[Opening DATA PROVIDED section]

lemma nn_integral_cp_traj_last:
  "(\<integral>\<^sup>+xs. f (xs!Suc k) \<partial>measure_pmf (traj X0 (Suc k))) =
     (\<integral>\<^sup>+ys. (\<integral>\<^sup>+y. f y \<partial>measure_pmf (step (ys!k))) \<partial>measure_pmf (traj X0 k))"
proof -
  have "(\<integral>\<^sup>+xs. f (xs!Suc k) \<partial>measure_pmf (traj X0 (Suc k))) =
      (\<integral>\<^sup>+ys. (\<integral>\<^sup>+y. f ((ys @ [y])!Suc k) \<partial>measure_pmf (step (last ys))) \<partial>measure_pmf (traj X0 k))"
    by simp
  also have "\<dots> = (\<integral>\<^sup>+ys. (\<integral>\<^sup>+y. f y \<partial>measure_pmf (step (ys!k))) \<partial>measure_pmf (traj X0 k))"
  proof (rule nn_integral_cong_AE)
    show "AE ys in measure_pmf (traj X0 k).
        (\<integral>\<^sup>+y. f ((ys @ [y])!Suc k) \<partial>measure_pmf (step (last ys))) = (\<integral>\<^sup>+y. f y \<partial>measure_pmf (step (ys!k)))"
      unfolding AE_measure_pmf_iff
    proof
      fix ys assume "ys \<in> set_pmf (traj X0 k)"
      then have "length ys = Suc k" by (rule length_cp_traj)
      moreover from this have "last ys = ys!k" by (cases ys rule: rev_cases) (auto simp: nth_append)
      ultimately show "(\<integral>\<^sup>+y. f ((ys @ [y])!Suc k) \<partial>measure_pmf (step (last ys))) =
          (\<integral>\<^sup>+y. f y \<partial>measure_pmf (step (ys!k)))"
        by (simp add: nth_append)
    qed
  qed
  finally show ?thesis .
qed

lemma nn_integral_potential_cp_traj:
  assumes R: "n < 2^R"
  shows "(\<integral>\<^sup>+xs. potential (xs!k) \<partial>measure_pmf (traj X0 k)) \<le> ennreal (1 - (1-p)^(2*R+2)/2) ^ k * potential X0"
proof (induction k)
  case (Suc k)
  define r where "r = ennreal (1 - (1-p)^(2*R+2)/2)"
  have "(\<integral>\<^sup>+xs. potential (xs!Suc k) \<partial>measure_pmf (traj X0 (Suc k))) \<le>
      (\<integral>\<^sup>+ys. r * potential (ys!k) \<partial>measure_pmf (traj X0 k))"
    unfolding nn_integral_cp_traj_last r_def
    by (intro nn_integral_mono potential_step_contracts[OF R])
  also have "\<dots> = r * (\<integral>\<^sup>+ys. potential (ys!k) \<partial>measure_pmf (traj X0 k))"
    by (rule nn_integral_cmult) simp
  also have "\<dots> \<le> r * (r ^ k * potential X0)"
    using Suc.IH unfolding r_def by (intro mult_left_mono) auto
  finally show ?case unfolding r_def by (simp add: mult.assoc)
qed simp

lemma prob_cp_traj_alive:
  assumes R: "n < 2^R" and j: "j \<le> k"
  shows "measure_pmf.prob (traj X0 k) {xs. xs!j \<noteq> healthy} \<le> (1 - (1-p)^(2*R+2)/2) ^ j * 2^n"
proof -
  define r where "r = 1 - (1-p)^(2*R+2)/2"
  have r: "0 \<le> r"
  proof -
    have "(1-p)^(2*R+2) \<le> 1" using p_pos p_less_1 by (intro power_le_one) auto
    then show ?thesis unfolding r_def by simp
  qed
  have "ennreal (measure_pmf.prob (traj X0 k) {xs. xs!j \<noteq> healthy}) =
      (\<integral>\<^sup>+xs. indicator {xs. xs!j \<noteq> healthy} xs \<partial>measure_pmf (traj X0 k))"
    by (simp add: measure_pmf.emeasure_eq_measure)
  also have "\<dots> \<le> (\<integral>\<^sup>+xs. potential (xs!j) \<partial>measure_pmf (traj X0 k))"
    by (intro nn_integral_mono) (auto simp: indicator_def one_le_potential)
  also have "\<dots> = (\<integral>\<^sup>+xs. potential (xs!j) \<partial>measure_pmf (traj X0 j))"
    by (rule nn_integral_cp_traj_nth[OF j])
  also have "\<dots> \<le> ennreal r ^ j * potential X0"
    unfolding r_def by (rule nn_integral_potential_cp_traj[OF R])
  also have "\<dots> \<le> ennreal r ^ j * ennreal (2^n)" by (intro mult_left_mono potential_le_two_power) auto
  also have "\<dots> = ennreal (r ^ j * 2^n)" using r by (simp add: ennreal_mult ennreal_power)
  finally show ?thesis using r unfolding r_def by (simp add: ennreal_le_iff)
qed

lemma survive_prob_le:
  assumes R: "n < 2^R"
  shows "survive_prob n (Suc \<theta>) m \<theta> p C k \<le> (1 - (1-p)^(2*R+2)/2) ^ nat \<lceil>real n powr C\<rceil> * 2^n"
proof -
  define T where "T = nat \<lceil>real n powr C\<rceil>"
  define Ev where "Ev = {xs. \<exists>t \<le> k. real n powr C \<le> real t \<and> xs ! t \<noteq> healthy}"
  have tT: "T \<le> t" if "real n powr C \<le> real t" for t
    using that unfolding T_def by (simp add: nat_le_iff ceiling_le_iff)
  have sp: "survive_prob n (Suc \<theta>) m \<theta> p C k = measure_pmf.prob (traj (all_infected n) k) Ev"
    unfolding survive_prob_def Ev_def by simp
  show ?thesis
  proof (cases "T \<le> k")
    case False
    then have "Ev = {}" unfolding Ev_def using tT by fastforce
    moreover have "(1-p)^(2*R+2) \<le> 1" using p_pos p_less_1 by (intro power_le_one) auto
    ultimately show ?thesis using sp unfolding T_def[symmetric] by simp
  next
    case True
    have "Ev \<inter> set_pmf (traj (all_infected n) k) \<subseteq> {xs. xs ! T \<noteq> healthy}"
      using cp_traj_extinct_mono tT unfolding Ev_def by blast
    then have "measure_pmf.prob (traj (all_infected n) k) Ev \<le>
        measure_pmf.prob (traj (all_infected n) k) {xs. xs ! T \<noteq> healthy}"
      by (subst measure_Int_set_pmf[symmetric]) (intro measure_pmf.finite_measure_mono, auto)
    also have "\<dots> \<le> (1 - (1-p)^(2*R+2)/2) ^ T * 2^n" by (rule prob_cp_traj_alive[OF R True])
    finally show ?thesis using sp unfolding T_def by simp
  qed
qed

end

section \<open>Random regular multigraphs\<close>

lemma finite_matchings: "finite (matchings n d)"
proof -
  let ?N = "d * n"
  let ?extend = "\<lambda>g h. if h < ?N then g h else h"
  let ?G = "{g. \<forall>h. (h \<in> {..<?N} \<longrightarrow> g h \<in> {..<?N}) \<and> (h \<notin> {..<?N} \<longrightarrow> g h = 0)}"
  have "matchings n d \<subseteq> ?extend ` ?G"
  proof
    fix f assume f: "f \<in> matchings n d"
    then have "f = ?extend (\<lambda>h. if h < ?N then f h else 0)" by (auto simp: matchings_def)
    moreover have "(\<lambda>h. if h < ?N then f h else 0) \<in> ?G" using f by (auto simp: matchings_def)
    ultimately show "f \<in> ?extend ` ?G" by (rule image_eqI)
  qed
  then show ?thesis
    using finite_surj[OF finite_set_of_finite_funs[OF finite_lessThan finite_lessThan]] by blast
qed

lemma matchings_nonempty:
  assumes "even (d * n)"
  shows "matchings n d \<noteq> {}"
proof -
  define m0 where "m0 = (\<lambda>h::nat. if h < d * n then (if even h then h + 1 else h - 1) else h)"
  have "m0 \<in> matchings n d" unfolding matchings_def
  proof (intro CollectI conjI allI impI)
    fix h assume h: "h < d * n"
    have "even h \<Longrightarrow> h + 1 < d * n" using h assms by (metis Suc_eq_plus1 Suc_lessI even_Suc)
    moreover have "odd h \<Longrightarrow> 0 < h" by (rule ccontr) simp
    ultimately show "m0 h < d * n" "m0 h \<noteq> h" "m0 (m0 h) = h" using h by (auto simp: m0_def)
  qed (simp add: m0_def)
  then show ?thesis by blast
qed

lemma prob_config_model_eq_0:
  assumes "even (d * n)" "\<And>m. m \<in> matchings n d \<Longrightarrow> m \<notin> A"
  shows "measure_pmf.prob (config_model n d) A = 0"
proof -
  have "set_pmf (config_model n d) = matchings n d"
    unfolding config_model_def using finite_matchings matchings_nonempty[OF assms(1)] by simp
  then show ?thesis using assms(2) by (auto simp: measure_pmf_zero_iff)
qed

lemma survive_prob_le_exp:
  fixes p :: real and \<theta> :: nat
  assumes p: "0 < p" "p < 1" and \<theta>: "2 \<le> \<theta>" and n: "1 \<le> n" and m: "m \<in> matchings n (\<theta>+1)"
  shows "survive_prob n (\<theta>+1) m \<theta> p (2 - 2 * ln (1-p) / ln 2) k \<le> 2^n * exp (-((1-p)^6/2) * real n^2)"
proof -
  interpret threshold_contact n \<theta> m p
    using m \<theta> p by unfold_locales simp_all
  have "survive_prob n (Suc \<theta>) m \<theta> p (2 - 2 * ln (1-p) / ln 2) k \<le>
      (1 - (1-p)^(2*(nat \<lceil>log 2 n\<rceil> + 1)+2)/2) ^ nat \<lceil>real n powr (2 - 2 * ln (1-p) / ln 2)\<rceil> * 2^n"
    by (rule survive_prob_le[OF less_two_power_ceiling_log[OF n]])
  also have "\<dots> \<le> exp (-((1-p)^6/2) * real n^2) * 2^n"
    using p by (intro mult_right_mono contraction_power_le_exp n) auto
  finally show ?thesis by (simp add: mult.commute)
qed

lemma prob_config_model_survival_less:
  fixes p \<epsilon> :: real and \<theta> :: nat
  assumes p: "0 < p" "p < 1" and \<theta>: "2 \<le> \<theta>" and \<epsilon>: "0 < \<epsilon>" and n: "1 \<le> n"
    and small: "2^n * exp (-((1-p)^6/2) * real n^2) < \<epsilon>"
  shows "even ((\<theta>+1) * n) \<longrightarrow> measure_pmf.prob (config_model n (\<theta>+1))
           {m. (SUP k. survive_prob n (\<theta>+1) m \<theta> p (2 - 2 * ln (1-p) / ln 2) k) > \<epsilon>} < \<epsilon>"
proof
  assume even: "even ((\<theta>+1) * n)"
  have "measure_pmf.prob (config_model n (\<theta>+1))
      {m. (SUP k. survive_prob n (\<theta>+1) m \<theta> p (2 - 2 * ln (1-p) / ln 2) k) > \<epsilon>} = 0"
  proof (rule prob_config_model_eq_0[OF even])
    fix m assume "m \<in> matchings n (\<theta>+1)"
    then have "(SUP k. survive_prob n (\<theta>+1) m \<theta> p (2 - 2 * ln (1-p) / ln 2) k) < \<epsilon>"
      using survive_prob_le_exp[OF p \<theta> n] small by (intro le_less_trans[OF cSUP_least]) auto
    then show "m \<notin> {m. (SUP k. survive_prob n (\<theta>+1) m \<theta> p (2 - 2 * ln (1-p) / ln 2) k) > \<epsilon>}"
      by simp
  qed
  then show "measure_pmf.prob (config_model n (\<theta>+1))
      {m. (SUP k. survive_prob n (\<theta>+1) m \<theta> p (2 - 2 * ln (1-p) / ln 2) k) > \<epsilon>} < \<epsilon>"
    using \<epsilon> by simp
qed

theorem theorem2:
  fixes p :: real and \<theta> :: nat
  assumes "0 < p" "p < 1" "2 \<le> \<theta>"
  shows "\<exists>C > 0. \<forall>\<epsilon> > 0. \<forall>\<^sub>F n in sequentially. even ((\<theta>+1) * n) \<longrightarrow>
           measure_pmf.prob (config_model n (\<theta>+1))
             {m. (SUP k. survive_prob n (\<theta>+1) m \<theta> p C k) > \<epsilon>} < \<epsilon>"
proof (intro exI[of _ "2 - 2 * ln (1-p) / ln 2"] conjI allI impI)
  have "2 * ln (1-p) / ln 2 < 0" using assms by (intro divide_neg_pos) auto
  then show "0 < 2 - 2 * ln (1-p) / ln 2" by simp
  fix \<epsilon> :: real assume \<epsilon>: "0 < \<epsilon>"
  have "(\<lambda>n::nat. 2^n * exp (-((1-p)^6/2) * real n^2)) \<longlonglongrightarrow> 0"
    using assms by real_asymp
  then have "\<forall>\<^sub>F n in sequentially. 2^n * exp (-((1-p)^6/2) * real n^2) < \<epsilon> \<and> 1 \<le> n"
    using \<epsilon> by (intro eventually_conj order_tendstoD(2) eventually_ge_at_top)
  then show "\<forall>\<^sub>F n in sequentially. even ((\<theta>+1) * n) \<longrightarrow>
      measure_pmf.prob (config_model n (\<theta>+1))
        {m. (SUP k. survive_prob n (\<theta>+1) m \<theta> p (2 - 2 * ln (1-p) / ln 2) k) > \<epsilon>} < \<epsilon>"
    by (rule eventually_mono) (elim conjE, rule prob_config_model_survival_less[OF assms \<epsilon>])
qed

end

[Closing DATA PROVIDED section]

## WHAT IS REQUIRED
Please transcribe exactly the lines above from the line that has "fix f assume" up to and including the line that has "d) = matchings"; no other line belongs in the answer.

## ANSWER TO THE PROBLEM
    fix f assume f: "f \<in> matchings n d"
    then have "f = ?extend (\<lambda>h. if h < ?N then f h else 0)" by (auto simp: matchings_def)
    moreover have "(\<lambda>h. if h < ?N then f h else 0) \<in> ?G" using f by (auto simp: matchings_def)
    ultimately show "f \<in> ?extend ` ?G" by (rule image_eqI)
  qed
  then show ?thesis
    using finite_surj[OF finite_set_of_finite_funs[OF finite_lessThan finite_lessThan]] by blast
qed

lemma matchings_nonempty:
  assumes "even (d * n)"
  shows "matchings n d \<noteq> {}"
proof -
  define m0 where "m0 = (\<lambda>h::nat. if h < d * n then (if even h then h + 1 else h - 1) else h)"
  have "m0 \<in> matchings n d" unfolding matchings_def
  proof (intro CollectI conjI allI impI)
    fix h assume h: "h < d * n"
    have "even h \<Longrightarrow> h + 1 < d * n" using h assms by (metis Suc_eq_plus1 Suc_lessI even_Suc)
    moreover have "odd h \<Longrightarrow> 0 < h" by (rule ccontr) simp
    ultimately show "m0 h < d * n" "m0 h \<noteq> h" "m0 (m0 h) = h" using h by (auto simp: m0_def)
  qed (simp add: m0_def)
  then show ?thesis by blast
qed

lemma prob_config_model_eq_0:
  assumes "even (d * n)" "\<And>m. m \<in> matchings n d \<Longrightarrow> m \<notin> A"
  shows "measure_pmf.prob (config_model n d) A = 0"
proof -
  have "set_pmf (config_model n d) = matchings n d"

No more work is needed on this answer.